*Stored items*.
▼

subsection \<open>Geometrically decaying uniform steps give uniform convergence\<close>

lemma dist_telescope_geometric:
  fixes F :: "nat \<Rightarrow> 'b \<Rightarrow> 'a::metric_space"
  assumes st: "\<And>k. dist (F (Suc k) t) (F k t) \<le> C * \<mu> ^ k" and \<mu>: "\<mu> < 1"
  shows "dist (F n t) (F (n + j) t) \<le> C / (1 - \<mu>) * (\<mu> ^ n - \<mu> ^ (n + j))"
proof (induction j)
  case 0
  then show ?case by simp
next
  case (Suc j)
  have "dist (F n t) (F (n + Suc j) t)
      \<le> dist (F n t) (F (n + j) t) + dist (F (Suc (n + j)) t) (F (n + j) t)"
    using dist_triangle2[of "F n t" "F (Suc (n + j)) t" "F (n + j) t"] by (simp add: dist_commute)
  also have "\<dots> \<le> C / (1 - \<mu>) * (\<mu> ^ n - \<mu> ^ (n + j)) + C * \<mu> ^ (n + j)"
    using Suc st[of "n + j"] by linarith
  also have "\<dots> = C / (1 - \<mu>) * (\<mu> ^ n - \<mu> ^ (n + Suc j))" using \<mu> by (simp add: field_simps)
  finally show ?case .
qed

lemma uniformly_convergent_geometric_steps:
  fixes F :: "nat \<Rightarrow> 'b \<Rightarrow> 'a::complete_space"
  assumes st: "\<And>k t. dist (F (Suc k) t) (F k t) \<le> C * \<mu> ^ k" and \<mu>: "0 \<le> \<mu>" "\<mu> < 1"
  shows "uniformly_convergent_on UNIV F"
proof (rule Cauchy_uniformly_convergent, rule uniformly_Cauchy_onI')
  define K where "K = C / (1 - \<mu>)"
  have "0 \<le> C" using order_trans[OF zero_le_dist st[of 0 undefined]] by simp
  then have K0: "0 \<le> K" unfolding K_def using \<mu> by simp
  have tail: "dist (F m x) (F n x) \<le> K * \<mu> ^ m" if "m \<le> n" for m n x
  proof -
    obtain j where n: "n = m + j" using \<open>m \<le> n\<close> le_Suc_ex by blast
    have "dist (F m x) (F n x) \<le> K * (\<mu> ^ m - \<mu> ^ (m + j))"
      unfolding n K_def by (rule dist_telescope_geometric[OF st \<mu>(2)])
    also have "\<dots> \<le> K * \<mu> ^ m" using K0 \<mu> by (simp add: mult_left_mono)
    finally show ?thesis .
  qed
  have "(\<lambda>n. K * \<mu> ^ n) \<longlonglongrightarrow> 0"
    using \<mu> by (intro tendsto_mult_right_zero LIMSEQ_power_zero) simp
  fix e :: real
  assume "e > 0"
  then obtain N where N: "\<And>n. n \<ge> N \<Longrightarrow> K * \<mu> ^ n < e"
    using order_tendstoD(2)[OF \<open>(\<lambda>n. K * \<mu> ^ n) \<longlonglongrightarrow> 0\<close>]
    unfolding eventually_sequentially by blast
  show "\<exists>M. \<forall>x\<in>UNIV. \<forall>m\<ge>M. \<forall>n>m. dist (F m x) (F n x) < e"
  proof (intro exI ballI allI impI)
    fix x m n
    assume "N \<le> m" "m < n"
    then show "dist (F m x) (F n x) < e" using tail[of m n x] N[of m] by simp
  qed
qed
(* Let $(G,w)$ be a weighted trigraph and let $(A,B,C)$ be a cut-partition of $G$ such that $C=\{c_1,c_2\}$ is a stable set of size two of $G$. For each $X\in\{A,B\}$ let $G_X$ be the trigraph on $X\cup C$ in which $c_1c_2$ is semi-adjacent and all other adjacencies are as in $G[X\cup C]$. For every $C'\subseteq C$ set $\alpha_{A\cup C'}=\alpha(\mathrm{Red}[G_A,w;A\cup C'])+\mathrm{Ext}[G_A,w;A\cup C']$. Define $w_B:D(G_B)\to\mathbb N$ by $w_B(c_1)=\alpha_{A\cup C}-w(c_2)$, $w_B(c_2)=w(c_2)$, $w_B(c_1,c_2)=\alpha_{A\cup\{c_1\}}-\alpha_{A\cup C}+w(c_2)$, $w_B(c_2,c_1)=\alpha_{A\cup\{c_2\}}-w(c_2)$, $w_B(c_1c_2)=\alpha_A$, and $w_B(p)=w(p)$ for all $p\in D(G_B)\setminus D(G_B[C])$. Then $w_B$ is a weight function for $G_B$ (in particular all these values are non-negative), and $\alpha(G_B,w_B)=\alpha(G,w)$.
   Context: A trigraph $G$ consists of a finite vertex set $V(G)$ and an adjacency function $\theta_G:\binom{V(G)}{2}\to\{-1,0,1\}$; for distinct $u,v$ write $uv$ for $\{u,v\}$. The pair $uv$ is strongly adjacent if $\theta_G(uv)=1$, semi-adjacent if $\theta_G(uv)=0$, strongly anti-adjacent if $\theta_G(uv)=-1$; $u,v$ are anti-adjacent if $\theta_G(uv)\le 0$. A stable set is a set of pairwise anti-adjacent vertices. For $X\subseteq V(G)$, $G[X]$ is the trigraph on $X$ with the restricted adjacency function. A cut-partition of $G$ is a partition $(A,B,C)$ of $V(G)$ with $A,B$ non-empty ($C$ possibly empty) such that every vertex of $A$ is strongly anti-adjacent to every vertex of $B$. $\mathbb N$ denotes the non-negative integers. For a trigraph $G$ let $D(G)=V(G)\cup\{(u,v):u,v\in V(G),u\neq v\}\cup\binom{V(G)}{2}$. A weight function for $G$ is a map $w:D(G)\to\mathbb N$ such that for all distinct $u,v$: if $uv$ is not semi-adjacent then $w(u,v)=w(v,u)=w(uv)=0$, and $w(u,v)\le w(uv)$. A weighted trigraph is a pair $(G,w)$ with $w$ a weight function for $G$; for an induced subtrigraph $H$, $(H,w)$ denotes $(H,w|_{D(H)})$; note $w$ restricted to $D(G_A)$ is a weight function for $G_A$. The weight of $S\subseteq V(G)$ is $\llbracket S\rrbracket_{(G,w)}=\sum_{u\in S}w(u)+\sum_{u\in S}\sum_{v\in V(G)\setminus S}w(u,v)+\sum_{uv\in\binom{V(G)\setminus S}{2}}w(uv)$, and $\alpha(G,w)=\max\{\llbracket S\rrbracket_{(G,w)}: S \text{ a stable set of } G\}$. For $R\subseteq V(G)$, the reduction $\mathrm{Red}[G,w;R]$ is the weighted trigraph $(G[R],w')$ where $w'(u)=\max\{w(u)-\sum_{v\in V(G)\setminus R}(w(uv)-w(u,v)),0\}$ for $u\in R$, and $w'(u,v)=w(u,v)$, $w'(uv)=w(uv)$ for distinct $u,v\in R$. The exterior weight is $\mathrm{Ext}[G,w;R]=\sum_{uv\in\binom{V(G)\setminus R}{2}}w(uv)+\sum_{u\in R}\sum_{v\in V(G)\setminus R}w(uv)$. *)

theory Defs
  imports Main
begin

(* A trigraph: finite vertex set together with an adjacency function on
   2-element subsets {u,v} of the vertex set with values in {-1,0,1}. *)
type_synonym 'a trigraph = "'a set \<times> ('a set \<Rightarrow> int)"

definition verts :: "'a trigraph \<Rightarrow> 'a set" where "verts G = fst G"
definition theta :: "'a trigraph \<Rightarrow> 'a \<Rightarrow> 'a \<Rightarrow> int" where "theta G u v = snd G {u, v}"

definition is_trigraph :: "'a trigraph \<Rightarrow> bool" where
  "is_trigraph G \<longleftrightarrow> finite (verts G) \<and>
     (\<forall>u\<in>verts G. \<forall>v\<in>verts G. u \<noteq> v \<longrightarrow> theta G u v \<in> {-1, 0, 1})"
(* Let $n\ge 2$. There is a one-to-one correspondence between the families of spherical simplices generating the reflection group $B_n$ (families considered up to isometry) and the trees with $n$ vertices having exactly one marked vertex (considered up to isomorphism preserving the mark). The correspondence is given as follows: realize the family by normal vectors $\pm f_1,\dots,\pm f_n$ which, suitably normalized, lie in the root system $\Delta(B_n)=\{\pm h_i,\ \pm h_i\pm h_j: 1\le i<j\le n\}$ ($h_1,\dots,h_n$ the standard basis of $\mathbb{R}^n$); the associated graph has vertices $v_1,\dots,v_n$ corresponding to $h_1,\dots,h_n$, $v_i$ and $v_j$ are joined by an edge for each of $\pm(h_i+h_j)$, $\pm(h_i-h_j)$ that occurs among the $f_k$, and $v_i$ is marked iff $\pm h_i$ occurs among the $f_k$. This correspondence is well defined and is a bijection onto the set of trees with $n$ vertices and exactly one marked vertex.
   Context: A family of spherical simplices in $S^{n-1}$ is the set of $2^n$ simplices cut out by $n$ hyperplanes through the origin in $\mathbb{R}^n$ with linearly independent unit normals $f_1,\dots,f_n$; it is encoded by $\pm f_1,\dots,\pm f_n$. The family generates the group generated by the reflections in the hyperplanes $f_i^\perp$; it generates $B_n$ if this group is the finite Coxeter (Weyl) group of type $B_n$ (up to conjugation by an orthogonal transformation). *)

theory Defs
  imports "HOL-Analysis.Analysis"
begin

definition reflection :: "real^'n \<Rightarrow> real^'n \<Rightarrow> real^'n" where
  "reflection v x = x - (2 * (x \<bullet> v) / (v \<bullet> v)) *\<^sub>R v"

text \<open>The group generated by the reflections in the hyperplanes orthogonal to the
  vectors of S (reflections are involutions, so the generated monoid is the group).\<close>
inductive_set refl_group :: "(real^'n) set \<Rightarrow> (real^'n \<Rightarrow> real^'n) set"
  for S :: "(real^'n) set" where
  id: "id \<in> refl_group S"
| step: "g \<in> refl_group S \<Longrightarrow> v \<in> S \<Longrightarrow> reflection v \<circ> g \<in> refl_group S"

definition Bn_roots :: "(real^'n) set" where
  "Bn_roots = {a *\<^sub>R axis i (1::real) | i a. a \<in> {1, -1}}
     \<union> {a *\<^sub>R axis i (1::real) + b *\<^sub>R axis j (1::real) | i j a b. i \<noteq> j \<and> a \<in> {1, -1} \<and> b \<in> {1, -1}}"

text \<open>A family is encoded by the set {+-f_1,...,+-f_n} of n linearly independent unit vectors.\<close>
definition simplex_family :: "(real^'n) set \<Rightarrow> bool" where
  "simplex_family F \<longleftrightarrow> (\<exists>f :: 'n \<Rightarrow> real^'n.
      (\<forall>i. norm (f i) = 1) \<and> inj f \<and> independent (range f) \<and>
      F = range f \<union> uminus ` range f)"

▲

*REQUIREMENT*. Begin at the line that has "(simp add: mult_left_mono)" in the entries above; stop after the line that has "using \<mu> by (intro". Transcribe exactly those lines and no others.

*EXERCISE ANSWER*.
    also have "\<dots> \<le> K * \<mu> ^ m" using K0 \<mu> by (simp add: mult_left_mono)
    finally show ?thesis .
  qed
  have "(\<lambda>n. K * \<mu> ^ n) \<longlonglongrightarrow> 0"
    using \<mu> by (intro tendsto_mult_right_zero LIMSEQ_power_zero) simp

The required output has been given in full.